The Port of Tanjung Api-Api is a seaport in Banyuasin Regency, South Sumatra, Indonesia. Completed in 2007, it began passenger ferry operations to Muntok in 2013, and cargo operations in 2019.

==History==
Historically, the city of Palembang served as the primary seaport for southern Sumatra, the Musi River being wide enough to accommodate oceangoing vessels. However, due to limited ship weights caused by sandbanks in the river, plans had been made to develop a replacement port at Tanjung Api-Api since the 1930s during the Dutch East Indies era. After the provincial government of South Sumatra also proposed the development of a port at Tanjung Api-Api in 2002, construction began in 2004 and was completed in 2007. In 2009 Syahrial Oesman, the governor during the construction period, was convicted of bribery related to the port's construction. He was found to have bribed several national legislators to ease the land acquisition process for the port.

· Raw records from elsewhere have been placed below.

(* Let $(\lambda_i)_{i\ge1}$ be a sequence with $0\le\lambda_i<\lambda_{\max}$ for all $i$ and $\lim_{n\to\infty}\frac{\lambda_1+\dots+\lambda_n}{n}=\bar\lambda$. For each $n$ let $\mathbf{v}^{(n)}\sim\mathcal{CN}(\mathbf{0},\mathrm{diag}(\lambda_1,\dots,\lambda_n))$, and let $\omega_n$ be an eigenvalue of the rank-one matrix $\mathbf{v}^{(n)}(\mathbf{v}^{(n)})^H$ selected uniformly at random among its $n$ eigenvalues (counted with multiplicity), independently of $\mathbf{v}^{(n)}$. Let $\kappa_j(\omega_n)$ denote the $j$-th cumulant of $\omega_n$ and $\mathcal{R}_{\omega_n}(s)=\sum_{k\ge0}\kappa_{k+1}(\omega_n)s^k$ its $\mathcal{R}$-transform (as a formal power series). Then for every $k\ge0$, $$\lim_{n\to\infty}\frac{\kappa_{k+1}(\omega_n)}{n^k}=\bar\lambda^{k+1},$$ i.e. $\mathcal{R}_{\omega_n}(s/n)$ converges coefficientwise to $\sum_{k\ge0}\bar\lambda^{k+1}s^k=\frac{\bar\lambda}{1-s\bar\lambda}$.
   Context: The $j$-th cumulant of a random variable $X$ with all moments finite is $\kappa_j=\frac{d^j}{ds^j}\log\mathbb{E}[e^{sX}]\big|_{s=0}$ (equivalently defined via the moment–cumulant relations). *)

theory Defs
  imports "HOL-Probability.Probability" "Jordan_Normal_Form.Char_Poly"
    "HOL-Computational_Algebra.Fundamental_Theorem_Algebra"
begin

text \<open>Cumulants from the moment sequence m (m k = E[X^k]) via the moment-cumulant relation
  kappa_n = m_n - sum_{j=1}^{n-1} binom(n-1, j-1) kappa_j m_{n-j}.\<close>
fun cumulant :: "(nat \<Rightarrow> real) \<Rightarrow> nat \<Rightarrow> real" where
  "cumulant m n = (if n = 0 then 0 else
      m n - (\<Sum>j\<in>{1..<n}. real ((n - 1) choose (j - 1)) * cumulant m j * m (n - j)))"

declare cumulant.simps[simp del]

definition moments :: "'a measure \<Rightarrow> ('a \<Rightarrow> real) \<Rightarrow> nat \<Rightarrow> real" where
  "moments M X k = integral\<^sup>L M (\<lambda>x. X x ^ k)"

text \<open>The n-vector v (components v 0, ..., v (n-1)) is circularly-symmetric complex Gaussian
  CN(0, diag(lam 0, ..., lam (n-1))), defined via its characteristic function
  E[exp(i Re(w^H v))] = exp(-w^H Sigma w / 4).\<close>
definition complex_gaussian_diag ::
  "'a measure \<Rightarrow> nat \<Rightarrow> (nat \<Rightarrow> real) \<Rightarrow> ('a \<Rightarrow> nat \<Rightarrow> complex) \<Rightarrow> bool" where
  "complex_gaussian_diag M n lam v \<longleftrightarrow>
     (\<forall>i<n. (\<lambda>x. v x i) \<in> borel_measurable M) \<and>
     (\<forall>w :: nat \<Rightarrow> complex.
        integral\<^sup>L M (\<lambda>x. exp (\<i> * complex_of_real (Re (\<Sum>k<n. cnj (w k) * v x k))))
        = exp (- complex_of_real ((\<Sum>k<n. lam k * (cmod (w k))\<^sup>2) / 4)))"

definition rank_one_mat :: "nat \<Rightarrow> (nat \<Rightarrow> complex) \<Rightarrow> complex mat" where
  "rank_one_mat n v = mat n n (\<lambda>(i, j). v i * cnj (v j))"

text \<open>The eigenvalues of v v^H counted with multiplicity (roots of the characteristic polynomial;
  they are real since the matrix is Hermitian), listed in increasing order.\<close>
definition eigenvalue_list :: "nat \<Rightarrow> (nat \<Rightarrow> complex) \<Rightarrow> real list" where
  "eigenvalue_list n v =
     sorted_list_of_multiset (image_mset Re (proots (char_poly (rank_one_mat n v))))"

end

theory Submission
  imports Defs "Jordan_Normal_Form.Schur_Decomposition"
begin

text \<open>The matrix \<open>v v\<^sup>H\<close> has the eigenvalue \<open>\<parallel>v\<parallel>\<^sup>2\<close> once and \<open>0\<close> with multiplicity \<open>n - 1\<close>, so
  \<open>\<omega>\<^sub>n\<close> equals \<open>\<parallel>v\<parallel>\<^sup>2\<close> with probability \<open>1/n\<close> and \<open>0\<close> otherwise; by independence
  \<open>E[\<omega>\<^sub>n\<^sup>j] = E[(\<parallel>v\<parallel>\<^sup>2)\<^sup>j] / n\<close>. Since \<open>\<parallel>v\<parallel>\<^sup>2 = \<Sum>\<^sub>k \<lambda>\<^sub>k E\<^sub>k\<close> with independent standard exponential
  \<open>E\<^sub>k\<close>, one has \<open>E[(\<parallel>v\<parallel>\<^sup>2)\<^sup>j] = j! h\<^sub>j(\<lambda>\<^sub>1, \<dots>, \<lambda>\<^sub>n)\<close> with \<open>h\<^sub>j\<close> the complete homogeneous symmetric
  polynomial. The hypothesis only gives the characteristic function of \<open>v\<close>; this moment is obtained
  without multivariate L\'evy uniqueness by integrating the \<open>2j\<close>-th power of a real projection
  \<open>Re (w\<^sup>H v)\<close>, with \<open>w\<close> an independent standard Gaussian vector, in both orders.

  Newton's identity \<open>j h\<^sub>j = \<Sum>\<^sub>i p\<^sub>i h\<^sub>j\<^sub>-\<^sub>i\<close> for the power sums \<open>p\<^sub>i\<close> gives \<open>j! h\<^sub>j / n\<^sup>j \<rightarrow> \<lambda>\<^sup>j\<close>
  (with \<open>\<lambda>\<close> the mean \<open>lam_bar\<close>), because \<open>p\<^sub>1 / n \<rightarrow> \<lambda>\<close> while \<open>p\<^sub>i / n\<^sup>i \<rightarrow> 0\<close> for \<open>i \<ge> 2\<close> by the uniform
  bound on the \<open>\<lambda>\<^sub>k\<close>. So the moments satisfy \<open>m\<^sub>j\<^sub>+\<^sub>1 / n\<^sup>j \<rightarrow> \<lambda>\<^sup>j\<^sup>+\<^sup>1\<close>, and in the moment-cumulant
  recursion for \<open>\<kappa>\<^sub>j\<^sub>+\<^sub>1\<close> every product \<open>\<kappa>\<^sub>i m\<^sub>j\<^sub>+\<^sub>1\<^sub>-\<^sub>i\<close> is of lower order \<open>O(n\<^sup>j\<^sup>-\<^sup>1)\<close>.\<close>

section \<open>Eigenvalues of a rank-one Hermitian matrix\<close>

definition mat_trace :: "'a::comm_ring_1 mat \<Rightarrow> 'a" where
  "mat_trace A = (\<Sum>i<dim_row A. A $$ (i, i))"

It was designed primarily as a passenger port to Bangka Island to replace the existing ferry services in Palembang, with further plans to develop an industrial estate with railway connections. The port began passenger operations in late 2013. The port and 2,000 hectares of surrounding land was designated as a special economic zone in 2014. However, due to difficulties in land acquisition, the special status was revoked in 2022. It began cargo operations in 2019.

==Services==
Tanjung Api-Api is primarily served by roll-on/roll-off ferries to the Port of Tanjung Kalian in Muntok, Bangka Belitung Islands. Ferry services utilize a single pier, although a second pier is expected to become operational in late 2022. In the sixteen day period around the Eid al-Fitr of 2022 alone, over 60,000 passengers crossed to Tanjung Api-Api from Muntok.